section \<open>Regular subgradients and normal vectors\<close>

lemma regular_subdiff_norm_le:
  fixes f :: "'a::real_inner \<Rightarrow> real"
  assumes a: "a \<in> regular_subdiff f w" and lip: "L-lipschitz_on S f" and "ball w \<rho> \<subseteq> S" "\<rho> > 0"
  shows "norm a \<le> L"
proof (rule ccontr)
  assume "\<not> ?thesis"
  then have big: "norm a > L" by simp
  define \<epsilon> where "\<epsilon> = (norm a - L) / 2"
  have "\<epsilon> > 0" using big by (simp add: \<epsilon>_def)
  then obtain \<delta> where \<delta>: "\<delta> > 0"
    "\<And>w'. norm (w' - w) < \<delta> \<Longrightarrow> f w' - f w - inner a (w' - w) \<ge> - \<epsilon> * norm (w' - w)"
    using a unfolding regular_subdiff_def by blast
  define t where "t = min \<delta> \<rho> / 2"
  have t: "t > 0" "t < \<delta>" "t < \<rho>" using \<delta> \<open>\<rho> > 0\<close> by (auto simp: t_def)
  have a0: "norm a > 0" using big lipschitz_on_nonneg[OF lip] by linarith
  \<comment> \<open>test the subgradient inequality in the direction of a itself\<close>
  define w' where "w' = w + (t / norm a) *\<^sub>R a"
  have n: "norm (w' - w) = t" using t a0 by (simp add: w'_def)
  then have "w' \<in> S" "w \<in> S"
    using t \<open>ball w \<rho> \<subseteq> S\<close> \<open>\<rho> > 0\<close> by (auto simp: subset_iff dist_norm norm_minus_commute)
  then have "f w' - f w \<le> L * t" using lipschitz_on_diff_le[OF lip] n by metis
  moreover have "inner a (w' - w) = t * norm a" using a0
    by (simp add: w'_def power2_norm_eq_inner[symmetric] power2_eq_square)
  ultimately have "t * norm a \<le> t * (L + \<epsilon>)"
    using \<delta>(2)[of w'] n t by (simp add: algebra_simps)
  then have "norm a \<le> L + \<epsilon>" using t(1) by simp
  then show False using big by (simp add: \<epsilon>_def field_simps)
qed

lemma regular_subdiff_of_prox_min:
  fixes f :: "'a::real_inner \<Rightarrow> real"
  assumes "\<rho> > 0" "m \<ge> 0"
    and min: "\<And>w'. norm (w' - w) < \<rho> \<Longrightarrow> f w + m * (norm (x - w))\<^sup>2 \<le> f w' + m * (norm (x - w'))\<^sup>2"
  shows "(2 * m) *\<^sub>R (x - w) \<in> regular_subdiff f w"
  unfolding regular_subdiff_def
proof (intro CollectI allI impI)
  fix \<epsilon> :: real
  assume "\<epsilon> > 0"
  define \<delta> where "\<delta> = min \<rho> (\<epsilon> / (m + 1))"
  have "\<delta> > 0" using assms \<open>\<epsilon> > 0\<close> by (simp add: \<delta>_def)
  moreover have "f w' - f w - inner ((2 * m) *\<^sub>R (x - w)) (w' - w) \<ge> - \<epsilon> * norm (w' - w)"
    if w': "norm (w' - w) < \<delta>" for w'
  proof -
    have "m * norm (w' - w) \<le> m * (\<epsilon> / (m + 1))"
      using w' \<open>m \<ge> 0\<close> by (intro mult_left_mono) (auto simp: \<delta>_def)
    also have "\<dots> \<le> \<epsilon>" using \<open>m \<ge> 0\<close> \<open>\<epsilon> > 0\<close> by (simp add: field_simps)
    finally have "m * norm (w' - w) * norm (w' - w) \<le> \<epsilon> * norm (w' - w)"
      by (rule mult_right_mono) simp
    then have small: "m * (norm (w' - w))\<^sup>2 \<le> \<epsilon> * norm (w' - w)"
      by (simp add: power2_eq_square mult.assoc)
    have eq: "(norm (x - w'))\<^sup>2 = (norm (x - w))\<^sup>2 - 2 * inner (x - w) (w' - w) + (norm (w' - w))\<^sup>2"
      using power2_norm_diff_shift[of x w' w] by (simp add: norm_minus_commute inner_commute inner_diff_left)
    have "m * (norm (x - w'))\<^sup>2
        = m * (norm (x - w))\<^sup>2 - 2 * m * inner (x - w) (w' - w) + m * (norm (w' - w))\<^sup>2"
      unfolding eq by (simp add: algebra_simps del: inner_diff_left inner_diff_right)
    moreover have "inner ((2 * m) *\<^sub>R (x - w)) (w' - w) = 2 * m * inner (x - w) (w' - w)"
      by (simp only: inner_scaleR_left)
    ultimately show ?thesis
      using min[of w'] w' small by (simp add: \<delta>_def)
  qed
  ultimately show "\<exists>\<delta>>0. \<forall>w'. norm (w' - w) < \<delta> \<longrightarrow>
      f w' - f w - inner ((2 * m) *\<^sub>R (x - w)) (w' - w) \<ge> - \<epsilon> * norm (w' - w)"
    by blast
qed

lemma regular_normal_coneI_quadratic:
  assumes "z \<in> C" "\<rho> > 0" "c \<ge> 0"
    and quad: "\<And>z'. z' \<in> C \<Longrightarrow> norm (z' - z) < \<rho> \<Longrightarrow> inner g (z' - z) \<le> c * (norm (z' - z))\<^sup>2"
  shows "g \<in> regular_normal_cone C z"
  unfolding regular_normal_cone_def
proof (intro CollectI conjI allI impI \<open>z \<in> C\<close>)
  fix \<epsilon> :: real
  assume "\<epsilon> > 0"
  define \<delta> where "\<delta> = min \<rho> (\<epsilon> / (c + 1))"
  have "\<delta> > 0" using assms \<open>\<epsilon> > 0\<close> by (simp add: \<delta>_def)
  moreover have "inner g (z' - z) \<le> \<epsilon> * norm (z' - z)"
    if z': "z' \<in> C" "norm (z' - z) < \<delta>" for z'
  proof -
    have "c * norm (z' - z) \<le> c * (\<epsilon> / (c + 1))"
      using z' \<open>c \<ge> 0\<close> by (intro mult_left_mono) (auto simp: \<delta>_def)
    also have "\<dots> \<le> \<epsilon>" using \<open>c \<ge> 0\<close> \<open>\<epsilon> > 0\<close> by (simp add: field_simps)
    finally have "c * norm (z' - z) * norm (z' - z) \<le> \<epsilon> * norm (z' - z)"
      by (rule mult_right_mono) simp
    then have "c * (norm (z' - z))\<^sup>2 \<le> \<epsilon> * norm (z' - z)"
      by (simp add: power2_eq_square mult.assoc)
    then show ?thesis using quad[OF z'(1)] z' by (force simp: \<delta>_def)
  qed
  ultimately show "\<exists>\<delta>>0. \<forall>z'\<in>C. norm (z' - z) < \<delta> \<longrightarrow> inner g (z' - z) \<le> \<epsilon> * norm (z' - z)"
    by blast
qed

lemma eq_scaled_of_inner_ge:
  fixes b d :: "'a::real_inner"
  assumes "d \<noteq> 0" "norm b \<le> k" "k * norm d \<le> inner b d"
  shows "b = (k / norm d) *\<^sub>R d"
proof -
  define s where "s = norm d"
  have s: "s > 0" using assms(1) by (simp add: s_def)
  have k: "k \<ge> 0" using assms(2) norm_ge_zero[of b] by linarith
  have "(norm (b - (k / s) *\<^sub>R d))\<^sup>2 = inner (b - (k / s) *\<^sub>R d) (b - (k / s) *\<^sub>R d)"
    by (simp add: power2_norm_eq_inner)
  also have "\<dots> = inner b b - 2 * (k / s) * inner b d + (k / s)\<^sup>2 * inner d d"
    by (simp add: inner_commute power2_eq_square algebra_simps)
  also have "\<dots> = (norm b)\<^sup>2 - 2 * (k / s) * inner b d + k\<^sup>2"
    using s by (simp add: power2_norm_eq_inner[symmetric] s_def field_simps)
  also have "\<dots> \<le> k\<^sup>2 - 2 * (k / s) * (k * s) + k\<^sup>2"
  proof -
    have "(norm b)\<^sup>2 \<le> k\<^sup>2" using assms(2) by (simp add: power_mono)
    moreover have "(k / s) * (k * s) \<le> (k / s) * inner b d"
      using assms(3) k s by (intro mult_left_mono) (auto simp: s_def)
    ultimately show ?thesis by linarith
  qed
  also have "\<dots> = 0" using s by (simp add: field_simps power2_eq_square)
  finally show ?thesis by (simp add: s_def)
qed
lemma inj_on_restrict_supp: "inj_on (\<lambda>h. restrict h u) {h\<in>intvecs d. supp d h = u}"
proof (rule inj_onI)
  fix x y assume x: "x \<in> {h\<in>intvecs d. supp d h = u}" and y: "y \<in> {h\<in>intvecs d. supp d h = u}"
    and eq: "restrict x u = restrict y u"
  show "x = y"
  proof
    fix j show "x j = y j"
      using fun_cong[OF eq, of j] x y by (cases "j \<in> u") (auto simp: supp_def intvecs_def)
  qed
qed

lemma V_nonneg:
  assumes "1 < \<beta>" "\<And>u. 0 \<le> \<gamma> u"
  shows "0 \<le> V d \<beta> \<gamma>"
  unfolding V_def rzeta_def using assms summable_rzeta
  by (intro sum_nonneg mult_nonneg_nonneg zero_le_power) (auto intro: suminf_nonneg)

lemma sum_r_weight_inv_root_le_V:
  assumes "finite F" "F \<subseteq> intvecs d - {\<lambda>_. 0}" "0 < lam" "lam < \<alpha>"
    and \<gamma>_pos: "\<And>u. finite u \<Longrightarrow> 0 < \<gamma> u"
  shows "(\<Sum>h\<in>F. r_weight_inv_root d \<alpha> \<gamma> lam h) \<le> V d (\<alpha>/lam) (\<lambda>u. \<gamma> u powr (1/lam))"
proof -
  define U where "U = Pow {1..d} - {{}}"
  define F_u where "F_u u = {h\<in>F. supp d h = u}" for u
  have "supp d ` F \<subseteq> U" unfolding U_def using assms(2) supp_nonempty by (auto simp: supp_def)
  then have "(\<Sum>h\<in>F. r_weight_inv_root d \<alpha> \<gamma> lam h) = (\<Sum>u\<in>U. \<Sum>h\<in>F_u u. r_weight_inv_root d \<alpha> \<gamma> lam h)"
    unfolding F_u_def using assms(1) by (intro sum.group[symmetric]) (auto simp: U_def)
  also have "\<dots> \<le> (\<Sum>u\<in>U. \<gamma> u powr (1/lam) * (2 * rzeta (\<alpha>/lam)) ^ card u)"
  proof (rule sum_mono)
    fix u assume "u \<in> U"
    then have u: "finite u" by (auto simp: U_def intro: finite_subset)
    have "(\<Sum>h\<in>F_u u. r_weight_inv_root d \<alpha> \<gamma> lam h)
        = \<gamma> u powr (1/lam) * (\<Sum>h\<in>F_u u. \<Prod>j\<in>u. \<bar>real_of_int (h j)\<bar> powr (-(\<alpha>/lam)))"
      using \<gamma>_pos[OF u] by (simp add: F_u_def r_weight_inv_root_eq sum_distrib_left)
    also have "\<dots> \<le> \<gamma> u powr (1/lam) * (2 * rzeta (\<alpha>/lam)) ^ card u"
    proof (intro mult_left_mono sum_prod_abs_powr_le)
      show "inj_on (\<lambda>h. restrict h u) (F_u u)"
        using assms(2) by (intro inj_on_subset[OF inj_on_restrict_supp]) (auto simp: F_u_def)
    qed (use assms u in \<open>auto simp: F_u_def supp_def\<close>)
    finally show "(\<Sum>h\<in>F_u u. r_weight_inv_root d \<alpha> \<gamma> lam h)
        \<le> \<gamma> u powr (1/lam) * (2 * rzeta (\<alpha>/lam)) ^ card u" .
  qed
  also have "\<dots> = V d (\<alpha>/lam) (\<lambda>u. \<gamma> u powr (1/lam))" unfolding V_def U_def by simp
  finally show ?thesis .
qed

lemma r_weight_inv_root_scale_le:
  fixes c :: nat
  assumes "1 \<le> c" "h \<in> intvecs d" "h \<noteq> (\<lambda>_. 0)" "0 < lam" "lam \<le> \<alpha>"
    and \<gamma>_pos: "\<And>u. finite u \<Longrightarrow> 0 < \<gamma> u"
  shows "r_weight_inv_root d \<alpha> \<gamma> lam (\<lambda>j. int c * h j) \<le> r_weight_inv_root d \<alpha> \<gamma> lam h / real c"
proof -
  define u where "u = supp d h"
  define \<beta> where "\<beta> = \<alpha> / lam"
  have supp_eq: "supp d (\<lambda>j. int c * h j) = u" unfolding u_def supp_def using assms(1) by auto
  have \<gamma>u: "0 < \<gamma> u" using \<gamma>_pos by (simp add: u_def supp_def)
  have "1 \<le> card u" using supp_nonempty[OF assms(2,3)] by (simp add: u_def supp_def Suc_le_eq card_gt_0_iff)
  have "1 \<le> \<beta>" unfolding \<beta>_def using assms(4,5) by simp
  have "real c powr (-\<beta>) \<le> real c powr (-1)" using assms(1) \<open>1 \<le> \<beta>\<close> by (intro powr_mono) auto
  then have c_beta: "real c powr (-\<beta>) \<le> 1 / real c" by (simp add: powr_minus_divide)
  also have "\<dots> \<le> 1" using assms(1) by simp
  finally have "(real c powr (-\<beta>)) ^ card u \<le> real c powr (-\<beta>)"
    using \<open>1 \<le> card u\<close> by (intro power_decreasing[of 1, simplified]) auto
  with c_beta have c_pow: "(real c powr (-\<beta>)) ^ card u \<le> 1 / real c" by linarith
  have "r_weight_inv_root d \<alpha> \<gamma> lam (\<lambda>j. int c * h j)
      = (real c powr (-\<beta>)) ^ card u * (\<gamma> u powr (1/lam) * (\<Prod>j\<in>u. \<bar>real_of_int (h j)\<bar> powr (-\<beta>)))"
    using \<gamma>u supp_eq by (simp add: r_weight_inv_root_eq \<beta>_def abs_mult powr_mult prod.distrib)
  also have "\<dots> \<le> 1 / real c * (\<gamma> u powr (1/lam) * (\<Prod>j\<in>u. \<bar>real_of_int (h j)\<bar> powr (-\<beta>)))"
    using c_pow by (intro mult_right_mono mult_nonneg_nonneg prod_nonneg) auto
  also have "\<dots> = r_weight_inv_root d \<alpha> \<gamma> lam h / real c"
    using \<gamma>u by (simp add: r_weight_inv_root_eq u_def \<beta>_def)
  finally show ?thesis .
qed
(* Let $\{a_n\}_{n\ge1}$ be a sequence of nonzero complex numbers and let $w_n(z)$ ($n\ge0$) be the $n$-th approximant of the continued fraction $$\cfrac{a_1}{z-\cfrac{a_2}{1-\cfrac{a_3}{z-\cfrac{a_4}{1-\cdots}}}}$$ (partial denominators alternately $z$ and $1$; $w_0=0$). Then: (1) $w_n(z)$ is a rational function of degree $\lfloor\frac{n+1}{2}\rfloor$; for $n\ge1$, $w_n(z)\sim\frac{a_1}{z}$ and $w_n(z)-w_{n-1}(z)\sim\frac{a_1a_2\cdots a_n}{z^n}$ $(z\to\infty)$; in particular $\{w_n(z)-w_{n-1}(z)\}_{n\ge1}$ is an asymptotic sequence at $\infty$. Moreover $w_{2n}(z)$ coincides with the $n$-th approximant of the continued fraction $$\cfrac{a_1}{z-a_2-\cfrac{a_2a_3}{z-a_3-a_4-\cfrac{a_4a_5}{z-a_5-a_6-\cdots}}}.$$ (2) Let $f(z)$ be a complex-valued function defined on an unbounded subset $\mathfrak X$ of $\mathbb C\cup\{\infty\}$. The following are equivalent: (a) $f(z)\sim \cfrac{a_1}{z-\cfrac{a_2}{1-\cfrac{a_3}{z-\cfrac{a_4}{1-\cdots}}}}$ $(z\to\infty)_{\mathfrak X}$; (b) $f(z)\sim \cfrac{a_1}{z-a_2-\cfrac{a_2a_3}{z-a_3-a_4-\cfrac{a_4a_5}{z-a_5-a_6-\cdots}}}$ $(z\to\infty)_{\mathfrak X}$; (c) $f(z)-w_n(z)\sim\frac{a_1a_2\cdots a_{n+1}}{z^{n+1}}$ $(z\to\infty)_{\mathfrak X}$ for all $n\ge0$; (d) $f(z)-w_n(z)=O(z^{-(n+1)})$ $(z\to\infty)_{\mathfrak X}$ for all $n\ge0$; (e) $f(z)-w_n(z)=O(z^{-(n+1)})$ $(z\to\infty)_{\mathfrak X}$ for infinitely many $n\ge0$; (f) for every $n\ge0$, $w_{2n}(z)$ is the unique rational function $w(z)\in\mathbb C(z)$ of degree at most $n$ with $f(z)-w(z)=O(z^{-(2n+1)})$ $(z\to\infty)_{\mathfrak X}$; (g) for every $n\ge1$, $w_{2n}(z)$ is the unique Padé approximant of $f(z)$ over $\mathfrak X$ at $z=\infty$ of order $[n-1,n]$. (3) If the equivalent conditions in (2) hold, then the best rational approximations of $f(z)$ over $\mathfrak X$ are precisely the even-indexed approximants $w_{2n}(z)$, $n\ge0$.
   Context: Asymptotic relations are as $z\to\infty$ within $\mathfrak X$: $f=O(g)$ if $|f|\le M|g|$ on a punctured neighbourhood of $\infty$ (intersected with $\mathfrak X$) for some $M>0$; $f=o(g)$ if for every $M>0$; $f\sim g$ if $f-g=o(g)$ and $g-f=o(f)$. Asymptotic sequence: $\varphi_{n+1}=o(\varphi_n)$ for all $n$. For a continued fraction $K$ with approximants $v_m$ ($v_0=0$), $f\sim K$ means $\{v_m-v_{m-1}\}_{m\ge1}$ is an asymptotic sequence and $f-v_m=O(v_{m+1}-v_m)$ for all $m\ge0$. Degree of a rational function: max of degrees of numerator and denominator in lowest terms. A best rational approximation of $f$ over $\mathfrak X$ is a $w\in\mathbb C(z)$ that is the unique $v\in\mathbb C(z)$ of degree $\le\deg w$ with $f-v=O(f-w)$ $(z\to\infty)_{\mathfrak X}$. The Padé approximant of $f$ over $\mathfrak X$ at $\infty$ of order $[n-1,n]$ is the unique $g/h$ with $\deg g\le n-1$, $h\ne0$, $\deg h\le n$, and $f-g/h=O(z^{-(2n+1)})$ $(z\to\infty)_{\mathfrak X}$. *)

theory Defs
  imports "HOL-Computational_Algebra.Computational_Algebra" "HOL-Library.Landau_Symbols"
begin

#####

| Task directions |
Of the lines in the listing, some hold the word "linarith". Report how many, and only that.

| Result for this exercise |
4